The key steps in the algorithm are:
- Start with the root node in a queue
- For each level, process all nodes currently in the queue
- Collect their values and add their children to the queue for the next level
- Continue until all levels are processed
- Reverse the final list of levels to get bottom-up order
Flowchart Walkthrough
First, let's pin down the algorithm using the Flowchart. Here's a step-by-step walkthrough:
Is it a graph?
- Yes: A binary tree is a special type of graph (specifically, it's a connected acyclic graph).
Is it a tree?
- Yes: The problem explicitly states we're working with a binary tree.
DFS?
- Not necessarily: While DFS could work for tree traversal, the problem specifically asks for level-by-level traversal (level order), which is a characteristic pattern of BFS. The requirement to process nodes level by level from left to right strongly suggests BFS over DFS.
Let's reconsider the path through the flowchart:
Is it a graph?
- Yes: Binary trees are graphs.
Is it a tree?
- No (for this specific traversal pattern): While it IS a tree structurally, the level-order traversal requirement doesn't follow the typical DFS pattern for trees. Level-order traversal is inherently about processing nodes by their distance from the root.
Is the problem related to directed acyclic graphs?
- No: This is about level-order traversal, not DAG-specific problems.
Is the problem related to shortest paths?
- No: We're not finding shortest paths, we're collecting all nodes by levels.
Does the problem involve connectivity?
- No: We're not checking if nodes are connected; we're traversing all nodes level by level.
Does the problem have small constraints?
- No: Tree size can be large (up to 2000 nodes typically in LeetCode).
BFS?
- Yes: BFS is the natural choice for level-order traversal as it processes nodes level by level using a queue.
Conclusion: The flowchart leads us to BFS (Breadth-First Search) for this problem.

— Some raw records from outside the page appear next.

(* Let $\hat a=a_1+a_2\varepsilon$ and $\hat b=b_1+b_2\varepsilon$ be dual complex numbers ($a_1,a_2,b_1,b_2\in\mathbb C$), and let $\hat q=q_1+q_2 j+(q_3+q_4 j)\varepsilon$ ($q_1,\dots,q_4\in\mathbb C$) be a unit dual quaternion such that $\hat q^*\hat a\hat q=\hat b$. Then $\hat a=\hat b$ or $\hat a=\overline{\hat b}$, where $\overline{\hat b}=\overline{b_1}+\overline{b_2}\varepsilon$.
   Context: $\mathbb{Q}$ denotes the real quaternions with units $i,j,k$; complex numbers are identified with quaternions $a+bi$ (so $jz=\bar z j$). $\varepsilon$ satisfies $\varepsilon\ne0$, $\varepsilon^2=0$ and commutes with quaternions. A dual quaternion is $\tilde p_{st}+\tilde p_{\mathcal I}\varepsilon$ with quaternions $\tilde p_{st},\tilde p_{\mathcal I}$, conjugate $\hat p^*=\tilde p_{st}^*+\tilde p_{\mathcal I}^*\varepsilon$. A dual quaternion $\hat p$ is unit if $|\hat p|=1$, where $|\hat p|=|\tilde p_{st}|+\frac{\mathrm{sc}(\tilde p_{st}^*\tilde p_{\mathcal I})}{|\tilde p_{st}|}\varepsilon$ for $\tilde p_{st}\ne0$ (and $|\tilde p_{\mathcal I}|\varepsilon$ otherwise), $\mathrm{sc}(\tilde p)=\frac12(\tilde p+\tilde p^* )$; equivalently $\hat p^*\hat p=\hat p\hat p^*=1$. *)

theory Defs
  imports Complex_Main
begin

datatype quat = Quat (q_re: real) (q_i: real) (q_j: real) (q_k: real)

definition qadd :: "quat \<Rightarrow> quat \<Rightarrow> quat" where
  "qadd p q = Quat (q_re p + q_re q) (q_i p + q_i q) (q_j p + q_j q) (q_k p + q_k q)"

definition qmul :: "quat \<Rightarrow> quat \<Rightarrow> quat" where
  "qmul p q = Quat
     (q_re p * q_re q - q_i p * q_i q - q_j p * q_j q - q_k p * q_k q)
     (q_re p * q_i q + q_i p * q_re q + q_j p * q_k q - q_k p * q_j q)
     (q_re p * q_j q - q_i p * q_k q + q_j p * q_re q + q_k p * q_i q)
     (q_re p * q_k q + q_i p * q_j q - q_j p * q_i q + q_k p * q_re q)"

definition qcnj :: "quat \<Rightarrow> quat" where
  "qcnj p = Quat (q_re p) (- q_i p) (- q_j p) (- q_k p)"

definition qone :: quat where "qone = Quat 1 0 0 0"
definition qzero :: quat where "qzero = Quat 0 0 0 0"
definition qj :: quat where "qj = Quat 0 0 1 0"

definition cq :: "complex \<Rightarrow> quat" where
  "cq z = Quat (Re z) (Im z) 0 0"

text \<open>Dual quaternions p_st + p_I \<epsilon>, as pairs (p_st, p_I).\<close>
type_synonym dquat = "quat \<times> quat"

definition dmul :: "dquat \<Rightarrow> dquat \<Rightarrow> dquat" where
  "dmul p q = (qmul (fst p) (fst q), qadd (qmul (fst p) (snd q)) (qmul (snd p) (fst q)))"

definition dcnj :: "dquat \<Rightarrow> dquat" where
  "dcnj p = (qcnj (fst p), qcnj (snd p))"

definition dquat_one :: dquat where "dquat_one = (qone, qzero)"

definition dunit :: "dquat \<Rightarrow> bool" where
  "dunit p \<longleftrightarrow> dmul (dcnj p) p = dquat_one \<and> dmul p (dcnj p) = dquat_one"

definition dcx :: "complex \<Rightarrow> complex \<Rightarrow> dquat" where
  "dcx a1 a2 = (cq a1, cq a2)"

end

theory Submission
  imports Defs
begin

text \<open>Write quaternions as \<open>z + w j\<close> with complex \<open>z, w\<close>, so that \<open>j z = cnj z j\<close>.
  For \<open>q = (u + v j) + (u' + v' j)\<epsilon>\<close>, the standard part of \<open>q\<^sup>* a q\<close> is
  \<open>|u|\<^sup>2 a\<^sub>1 + |v|\<^sup>2 cnj a\<^sub>1 + cnj u v (a\<^sub>1 - cnj a\<^sub>1) j\<close>, and its dual part is computed
  alike. If the result is complex then \<open>u = 0\<close>, \<open>v = 0\<close> or \<open>a\<^sub>1\<close> is real. For \<open>v = 0\<close>
  (resp. \<open>u = 0\<close>) the unit condition kills the cross terms of the dual part and the
  sandwich is \<open>a\<close> (resp. its conjugate); otherwise the \<open>j\<close>-part of the dual part
  forces \<open>a\<^sub>2\<close> to be real as well, so \<open>a\<close> is central and \<open>q\<^sup>* a q = q\<^sup>* q a = a\<close>.\<close>

definition qpair :: "complex \<Rightarrow> complex \<Rightarrow> quat" where
  "qpair z w = Quat (Re z) (Im z) (Re w) (Im w)"

lemma qadd_cq_qmul_qj: "qadd (cq z) (qmul (cq w) qj) = qpair z w"
  by (simp add: qpair_def qadd_def qmul_def cq_def qj_def)

lemma qpair_eq_iff: "qpair z w = qpair z' w' \<longleftrightarrow> z = z' \<and> w = w'"
  by (auto simp: qpair_def complex_eq_iff)

lemma cq_eq_qpair: "cq z = qpair z 0"
  by (simp add: qpair_def cq_def)

lemma dcx_eq_qpair: "dcx z w = (qpair z 0, qpair w 0)"
  by (simp add: dcx_def cq_eq_qpair)

lemma dquat_one_eq_qpair: "dquat_one = (qpair 1 0, qpair 0 0)"
  by (simp add: dquat_one_def qone_def qzero_def qpair_def)

lemma qadd_qpair: "qadd (qpair z w) (qpair z' w') = qpair (z + z') (w + w')"
  by (simp add: qpair_def qadd_def)

lemma qmul_qpair: "qmul (qpair z w) (qpair z' w') = qpair (z * z' - w * cnj w') (z * w' + w * cnj z')"
  by (simp add: qpair_def qmul_def algebra_simps)

lemma qcnj_qpair: "qcnj (qpair z w) = qpair (cnj z) (- w)"
  by (simp add: qpair_def qcnj_def)

lemmas qpair_arith = qadd_qpair qmul_qpair qcnj_qpair

lemma dcnj_dmul_self_qpair:
  "dmul (dcnj (qpair u v, qpair u' v')) (qpair u v, qpair u' v') =
     (qpair (of_real (norm u ^ 2 + norm v ^ 2)) 0, qpair (of_real (2 * Re (cnj u * u' + v * cnj v'))) 0)"
  unfolding cmod_power2
  by (simp add: dmul_def dcnj_def qpair_arith qpair_eq_iff complex_eq_iff power2_eq_square algebra_simps)

lemma dunit_qpairD:
  assumes "dunit (qpair u v, qpair u' v')"
  shows "norm u ^ 2 + norm v ^ 2 = 1" and "Re (cnj u * u' + v * cnj v') = 0"
  using assms
  unfolding dunit_def dcnj_dmul_self_qpair dquat_one_eq_qpair prod.inject qpair_eq_iff
  by (simp_all only: of_real_eq_1_iff of_real_eq_0_iff) simp_all

lemma dcx_sandwich_qpair:
  "dmul (dmul (dcnj (qpair u v, qpair u' v')) (dcx a1 a2)) (qpair u v, qpair u' v') =
     (qpair (of_real (norm u ^ 2) * a1 + of_real (norm v ^ 2) * cnj a1)
            (cnj u * v * (a1 - cnj a1)),
      qpair (of_real (2 * Re (cnj u * u')) * a1 + of_real (2 * Re (v * cnj v')) * cnj a1
               + of_real (norm u ^ 2) * a2 + of_real (norm v ^ 2) * cnj a2)
            ((a1 - cnj a1) * (cnj u * v' + cnj u' * v) + cnj u * v * (a2 - cnj a2)))"
  unfolding complex_norm_square complex_add_cnj [symmetric]
  by (simp add: dmul_def dcnj_def dcx_eq_qpair qpair_arith qpair_eq_iff algebra_simps)

lemma dual_complex_sandwich_cases:
  fixes u v u' v' a1 a2 b1 b2 :: complex
  assumes norm: "norm u ^ 2 + norm v ^ 2 = 1"
    and orth: "Re (cnj u * u' + v * cnj v') = 0"
    and std_re: "of_real (norm u ^ 2) * a1 + of_real (norm v ^ 2) * cnj a1 = b1"
    and std_j: "cnj u * v * (a1 - cnj a1) = 0"
    and dual_re: "of_real (2 * Re (cnj u * u')) * a1 + of_real (2 * Re (v * cnj v')) * cnj a1
                    + of_real (norm u ^ 2) * a2 + of_real (norm v ^ 2) * cnj a2 = b2"
    and dual_j: "(a1 - cnj a1) * (cnj u * v' + cnj u' * v) + cnj u * v * (a2 - cnj a2) = 0"
  shows "(a1 = b1 \<and> a2 = b2) \<or> (a1 = cnj b1 \<and> a2 = cnj b2)"
proof -
  consider "u = 0" | "v = 0" | "u \<noteq> 0" "v \<noteq> 0"
    by blast
  then show ?thesis
  proof cases
    case 1
    then have "norm v ^ 2 = 1" "Re (v * cnj v') = 0"
      using norm orth by simp_all
    then have "b1 = cnj a1" "b2 = cnj a2"
      using std_re dual_re 1 by simp_all
    then show ?thesis
      by simp
  next
    case 2
    then have "norm u ^ 2 = 1" "Re (cnj u * u') = 0"
      using norm orth by simp_all
    then have "b1 = a1" "b2 = a2"
      using std_re dual_re 2 by simp_all
    then show ?thesis
      by simp
  next
    case 3
    then have a1_real: "cnj a1 = a1"
      using std_j by simp
    with 3 have "cnj a2 = a2"
      using dual_j by simp
    with a1_real have "b1 = of_real (norm u ^ 2 + norm v ^ 2) * a1"
      and "b2 = of_real (2 * Re (cnj u * u' + v * cnj v')) * a1 + of_real (norm u ^ 2 + norm v ^ 2) * a2"
      using std_re dual_re by (simp_all add: algebra_simps)
    then show ?thesis
      unfolding norm orth by simp
  qed
qed

theorem lemma3p4:
  fixes a1 a2 b1 b2 q1 q2 q3 q4 :: complex
  assumes "dunit (qadd (cq q1) (qmul (cq q2) qj), qadd (cq q3) (qmul (cq q4) qj))"
    and "dmul (dmul (dcnj (qadd (cq q1) (qmul (cq q2) qj), qadd (cq q3) (qmul (cq q4) qj)))
                    (dcx a1 a2))
              (qadd (cq q1) (qmul (cq q2) qj), qadd (cq q3) (qmul (cq q4) qj)) = dcx b1 b2"
  shows "dcx a1 a2 = dcx b1 b2 \<or> dcx a1 a2 = dcx (cnj b1) (cnj b2)"
proof -
  let ?q = "(qpair q1 q2, qpair q3 q4)"
  have unit: "dunit ?q" and sandwich: "dmul (dmul (dcnj ?q) (dcx a1 a2)) ?q = dcx b1 b2"
    using assms unfolding qadd_cq_qmul_qj .
  have "(a1 = b1 \<and> a2 = b2) \<or> (a1 = cnj b1 \<and> a2 = cnj b2)"
    using sandwich unfolding dcx_sandwich_qpair dcx_eq_qpair [of b1 b2] prod.inject qpair_eq_iff
    by (elim conjE) (rule dual_complex_sandwich_cases [OF dunit_qpairD [OF unit]])
  then show ?thesis
    by auto
qed

end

BFS is perfect for level-order traversal because it naturally processes all nodes at distance k from the root before processing nodes at distance k+1, which is exactly what we need for collecting nodes level by level. The final reversal step (ans[::-1]
) transforms the top-down level order into the required bottom-up format.
Intuition
When we need to traverse a binary tree level by level, BFS immediately comes to mind because of its natural property: it explores all nodes at the current distance from the source before moving to nodes at the next distance. This is exactly what level-order traversal requires.
Think of BFS like ripples in water - when you drop a stone, the ripples expand outward uniformly, reaching all points at the same distance before moving further out. Similarly, BFS uses a queue to process all nodes at level 0 (the root), then all nodes at level 1, then level 2, and so on.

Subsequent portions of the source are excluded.